General Electric’s (NYSE:GE) bid to pay $7.4 billion in cash to combine its sector assets with Baker Hughes (NYSE:BHI) may be its biggest-ever deal in the oil and gas industry. GE will pay Baker Hughes a special dividend of $17.50 a share for a stake of 62.5 percent in the new company and contribute its GE Oil & Gas business to the joint venture. GE’s current stock price implies a $25 billion valuation for its oil and gas business.

The deal, struck by GE CEO Jeff Immelt, would give him an operation that will be larger than Halliburton by revenues and close to industry leader, Schlumberger. The deal would increase the scale of both businesses and yield $1.6 billion in operating synergies by 2020, according to a statement from GE. The new company will supply drilling equipment and services to many of the world’s largest oil and gas companies. The combined operations are expected to generate annual revenues of $32 billion.

The new company will be led by GE Oil & Gas CEO Lorenzo Simonelli and chaired by Immelt. Baker Hughes CEO Martin Craighead will serve as vice chairman. The board of the new company will have nine directors, five appointed by GE and four by Baker Hughes, and the remaining executive team will be a combination of existing leaders from both companies. Centerview Partners and Morgan Stanley are serving as financial advisors to GE, while Goldman Sachs is advising Baker Hughes. Shearman & Sterling is acting as legal advisor to GE, while Davis Polk is Baker Hughes legal advisor.

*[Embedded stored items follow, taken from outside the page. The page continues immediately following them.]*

lemma OC2_star_eq: "OC2_star L = L \<union> overlap_closure (long_words L)"
proof (intro equalityI subsetI)
  fix w assume "w \<in> OC2_star L"
  then show "w \<in> L \<union> overlap_closure (long_words L)"
    using OC2_iter_subset by (auto simp: OC2_star_def)
next
  fix w assume "w \<in> L \<union> overlap_closure (long_words L)"
  then show "w \<in> OC2_star L"
  proof (elim UnE)
    assume "w \<in> L"
    then show ?thesis unfolding OC2_star_def by (intro UN_I[of 0]) auto
  qed (auto simp: OC2_star_def dest: overlap_closure_in_OC2_iter)
qed

section \<open>Left quotients of the overlap closure\<close>

text \<open>
  \<open>overlap_extension M p y\<close>: the word \<open>y\<close> can be appended to a word ending in \<open>p\<close> by
  overlap steps whose overlaps lie inside the current word.
\<close>

inductive overlap_extension :: "'a list set \<Rightarrow> 'a list \<Rightarrow> 'a list \<Rightarrow> bool" for M where
  Nil: "overlap_extension M p []"
| overlap: "suffix b p \<Longrightarrow> 2 \<le> length b \<Longrightarrow> b @ c \<in> M \<Longrightarrow> overlap_extension M (p @ c) y \<Longrightarrow>
    overlap_extension M p (c @ y)"

lemma overlap_extension_snoc:
  "overlap_extension M p y \<Longrightarrow> suffix b (p @ y) \<Longrightarrow> 2 \<le> length b \<Longrightarrow> b @ c \<in> M \<Longrightarrow>
    overlap_extension M p (y @ c)"
proof (induction rule: overlap_extension.induct)
  case (Nil p)
  then show ?case using overlap_extension.overlap[of b p c M "[]"] by (simp add: overlap_extension.Nil)
next
  case (overlap b' p c' y)
  then show ?case using overlap_extension.overlap[of b' p c' M "y @ c"] by simp
qed

lemma overlap_closure_extend:
  "overlap_extension M p y \<Longrightarrow> x @ p \<in> overlap_closure M \<Longrightarrow> x @ p @ y \<in> overlap_closure M"
proof (induction arbitrary: x rule: overlap_extension.induct)
  case (overlap b p c y)
  then obtain p1 where "p = p1 @ b" by (auto simp: suffix_def)
  with overlap have "x @ (p @ c) \<in> overlap_closure M"
    using overlap_closure.overlap[of "x @ p1" b M c] by simp
  with overlap.IH show ?case by simp
qed simp

definition open_suffix :: "'a list set \<Rightarrow> 'a list \<Rightarrow> 'a list \<Rightarrow> bool" where
  "open_suffix M u a \<longleftrightarrow> a = u \<or>
    (\<exists>x b d. u = x @ b @ d \<and> x @ b \<in> overlap_closure M \<and> a = b @ d \<and> 2 \<le> length b)"

lemma open_suffix_append: "open_suffix M u a \<Longrightarrow> a @ c \<in> M \<Longrightarrow> u @ c \<in> overlap_closure M"
  unfolding open_suffix_def using overlap_closure.base overlap_closure.overlap by fastforce

definition open_tails :: "'a list set \<Rightarrow> 'a list \<Rightarrow> 'a list set" where
  "open_tails M u = (\<Union>a \<in> Collect (open_suffix M u). lquot a M)"

definition suffix_tails :: "'a list set \<Rightarrow> 'a list \<Rightarrow> 'a list set" where
  "suffix_tails M u = (\<Union>a \<in> {a. a \<noteq> [] \<and> suffix a u}. lquot a M)"

text \<open>
  A nonempty \<open>z\<close> with \<open>u @ z\<close> in the closure splits as \<open>c2 @ y\<close>: \<open>c1\<close> completes the first factor
  reaching beyond \<open>u\<close>, \<open>c2\<close> completes the last factor starting inside \<open>u\<close>, and \<open>y\<close> is added
  by overlaps within \<open>c2 @ y\<close>.
\<close>

definition tail_lang :: "'a list set \<Rightarrow> 'a list set \<Rightarrow> 'a list set \<Rightarrow> 'a list set" where
  "tail_lang M C1 C2 =
    {c2 @ y | c1 c2 y. c1 \<in> C1 \<and> c1 \<noteq> [] \<and> c2 \<in> C2 \<and> prefix c1 c2 \<and> overlap_extension M c2 y}"

lemma tail_langI:
  "c1 \<in> C1 \<Longrightarrow> c1 \<noteq> [] \<Longrightarrow> c2 \<in> C2 \<Longrightarrow> prefix c1 c2 \<Longrightarrow> overlap_extension M c2 y \<Longrightarrow>
    z = c2 @ y \<Longrightarrow> z \<in> tail_lang M C1 C2"
  unfolding tail_lang_def by blast

lemma tail_lang_complete:
  assumes "u @ z \<in> overlap_closure M" and "u \<noteq> []" and "z \<noteq> []"
  shows "z \<in> tail_lang M (open_tails M u) (suffix_tails M u)"
  using assms
proof (induction "u @ z" arbitrary: u z rule: overlap_closure.induct)
  case base
  then have "z \<in> open_tails M u" "z \<in> suffix_tails M u"
    by (auto simp: open_tails_def suffix_tails_def open_suffix_def lquot_def)
  with \<open>z \<noteq> []\<close> show ?case by (auto intro: tail_langI overlap_extension.Nil)
next
  case (overlap x b c)
  from \<open>x @ b @ c = u @ z\<close> obtain us where
    "(x @ b = u @ us \<and> us @ c = z) \<or> ((x @ b) @ us = u \<and> c = us @ z)"
    using append_eq_append_conv2[of "x @ b" c u z] by auto
  then consider us where "u = x @ b @ us" "c = us @ z"
    | us where "x @ b = u @ us" "z = us @ c" "us \<noteq> []"
    by (metis append.assoc append_Nil append.right_neutral)
  then show ?case
  proof cases
    case (1 us)
    with overlap.hyps have "open_suffix M u (b @ us)" "(b @ us) @ z \<in> M" "b @ us \<noteq> []"
      by (auto simp: open_suffix_def)
    with 1 have "z \<in> open_tails M u" "z \<in> suffix_tails M u"
      by (auto simp: open_tails_def suffix_tails_def lquot_def suffix_def)
    with \<open>z \<noteq> []\<close> show ?thesis by (auto intro: tail_langI overlap_extension.Nil)
  next
    case (2 us)
    with overlap.hyps(2)[of u us] \<open>u \<noteq> []\<close> obtain c1 c2 y where us: "us = c2 @ y" and
      c1: "c1 \<in> open_tails M u" "c1 \<noteq> []" "prefix c1 c2" and c2: "c2 \<in> suffix_tails M u"
      and ext: "overlap_extension M c2 y"
      by (auto simp: tail_lang_def)
    show ?thesis
    proof (cases "suffix b (c2 @ y)")
      case True
      from overlap_extension_snoc[OF ext True overlap.hyps(4,3)]
      have "overlap_extension M c2 (y @ c)" .
      with c1 c2 show ?thesis using 2 us by (auto intro: tail_langI)
    next
      case False
      from \<open>x @ b = u @ us\<close> us obtain vs where
        "(x = u @ vs \<and> vs @ b = c2 @ y) \<or> (x @ vs = u \<and> b = vs @ c2 @ y)"
        using append_eq_append_conv2[of x b u "c2 @ y"] by auto
      with False have "u = x @ vs" "b = vs @ c2 @ y" "vs \<noteq> []"
        unfolding suffix_def by (metis append_self_conv2)+
      with overlap.hyps(3) have "c2 @ y @ c \<in> suffix_tails M u"
        by (auto simp: suffix_tails_def lquot_def suffix_def)
      moreover from c1 have "prefix c1 (c2 @ y @ c)" by (auto simp: prefix_def)
      ultimately show ?thesis using c1 2 us by (auto intro: tail_langI overlap_extension.Nil)
    qed
  qed
qed

lemma tail_lang_sound:
  assumes "z \<in> tail_lang M (open_tails M u) (suffix_tails M u)"
  shows "u @ z \<in> overlap_closure M"
proof -
  from assms obtain c1 c2 y a1 a2 p e where z: "z = c2 @ y" and
    a1: "open_suffix M u a1" "a1 @ c1 \<in> M" "c1 \<noteq> []" and
    a2: "u = p @ a2" "a2 \<noteq> []" "a2 @ c2 \<in> M" "c2 = c1 @ e" and
    ext: "overlap_extension M c2 y"
    by (auto simp: tail_lang_def open_tails_def suffix_tails_def lquot_def prefix_def suffix_def)
  from a1 have "p @ (a2 @ c1) \<in> overlap_closure M"
    using open_suffix_append a2(1) by fastforce
  moreover from a2 have "(a2 @ c1) @ e \<in> M" by simp
  moreover from a1(3) a2(2) have "2 \<le> length (a2 @ c1)" by (cases a2; cases c1) auto
  ultimately have "p @ (a2 @ c1) @ e \<in> overlap_closure M" by (rule overlap_closure.overlap)
  then have "u @ c2 \<in> overlap_closure M" using a2 by simp
  from overlap_closure_extend[OF ext this] show ?thesis using z by simp
qed

lemma lquot_overlap_closure:
  assumes "u \<noteq> []"
  shows "lquot u (overlap_closure M) =
    {z. z = [] \<and> u \<in> overlap_closure M} \<union> tail_lang M (open_tails M u) (suffix_tails M u)"
proof (intro equalityI subsetI)
  fix z assume "z \<in> lquot u (overlap_closure M)"
  then show "z \<in> {z. z = [] \<and> u \<in> overlap_closure M} \<union> tail_lang M (open_tails M u) (suffix_tails M u)"
    using tail_lang_complete[OF _ assms] by (cases "z = []") (auto simp: lquot_def)
qed (auto simp: lquot_def dest: tail_lang_sound)

lemma finite_quotients_overlap_closure:
  assumes "finite_quotients M"
  shows "finite_quotients (overlap_closure M)"
proof -
  let ?Q = "range (\<lambda>w. lquot w M)"
  show ?thesis
  proof (rule finite_quotientsI)
    fix u
    show "lquot u (overlap_closure M) \<in> insert (overlap_closure M)
        ((\<lambda>(E, C1, C2). E \<union> tail_lang M C1 C2) ` ({{}, {[]}} \<times> Union ` Pow ?Q \<times> Union ` Pow ?Q))"
    proof (cases "u = []")
      case False
      have "open_tails M u \<in> Union ` Pow ?Q" "suffix_tails M u \<in> Union ` Pow ?Q"
        unfolding open_tails_def suffix_tails_def by (auto intro!: imageI)
      moreover have "{z. z = [] \<and> u \<in> overlap_closure M} \<in> {{}, {[]}}" by auto
      ultimately show ?thesis unfolding lquot_overlap_closure[OF False]
        by (intro insertI2) (rule image_eqI[of _ _ "(_, open_tails M u, suffix_tails M u)"], auto)
    qed simp
  qed (use assms in \<open>simp add: finite_quotients_def\<close>)
qed

lemma finite_quotients_long_words:
  assumes "finite_quotients L"
  shows "finite_quotients (long_words L)"
proof (rule finite_quotientsI)
  fix w
  have "lquot w (long_words L) = lquot w L \<inter> {z. 2 \<le> min (length w) 2 + length z}"
    by (auto simp: lquot_def long_words_def)
  then show "lquot w (long_words L) \<in>
      (\<lambda>(q, k). q \<inter> {z. 2 \<le> k + length z}) ` (range (\<lambda>w. lquot w L) \<times> {..2::nat})"
    by (intro image_eqI[of _ _ "(lquot w L, min (length w) 2)"]) auto
qed (use assms in \<open>simp add: finite_quotients_def\<close>)

theorem lemma4p10:
  fixes Sigma :: "'a set" and L :: "'a list set"
  assumes "finite Sigma"
    and "L \<subseteq> lists Sigma"
    and "regular L"
  shows "regular (OC2_star L)"
proof -
  have "finite_quotients (overlap_closure (long_words L))"
    using assms(3) by (intro finite_quotients_overlap_closure finite_quotients_long_words
        regular_imp_finite_quotients)
  moreover have "overlap_closure (long_words L) \<subseteq> lists Sigma"
    using assms(2) by (intro overlap_closure_lists) (auto simp: long_words_def)
  ultimately have "regular (overlap_closure (long_words L))"
    using assms(1) by (intro finite_quotients_imp_regular)
  then show ?thesis unfolding OC2_star_eq using assms(3) by (rule regular_Un[rotated])
qed

end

When oil prices were far higher just three years ago, GE’s oil and gas businesses was one of its fastest growing businesses. Then, a two-year downturn in oil prices caused many in the industry to freeze drilling developments and pull back on capital expenditures to conserve cash. Baker Hughes, the third largest supplier of oil equipment, has suffered a string of quarterly losses due to the downturn.

In recent years, GE has shed its financial services operations by spinning off Synchrony Financial and divesting its GE Capital business. The company has also sold $18 billion in real estate investments to Blackstone Group. These moves have released tens of billions of dollars in capital for GE to invest or return to shareholders. In recent years, the company has also acquired Dresser Industries, Lufkin Industries, Cameron International’s Reciprocal Compression business, and Wood Group’s support division, Wellstream.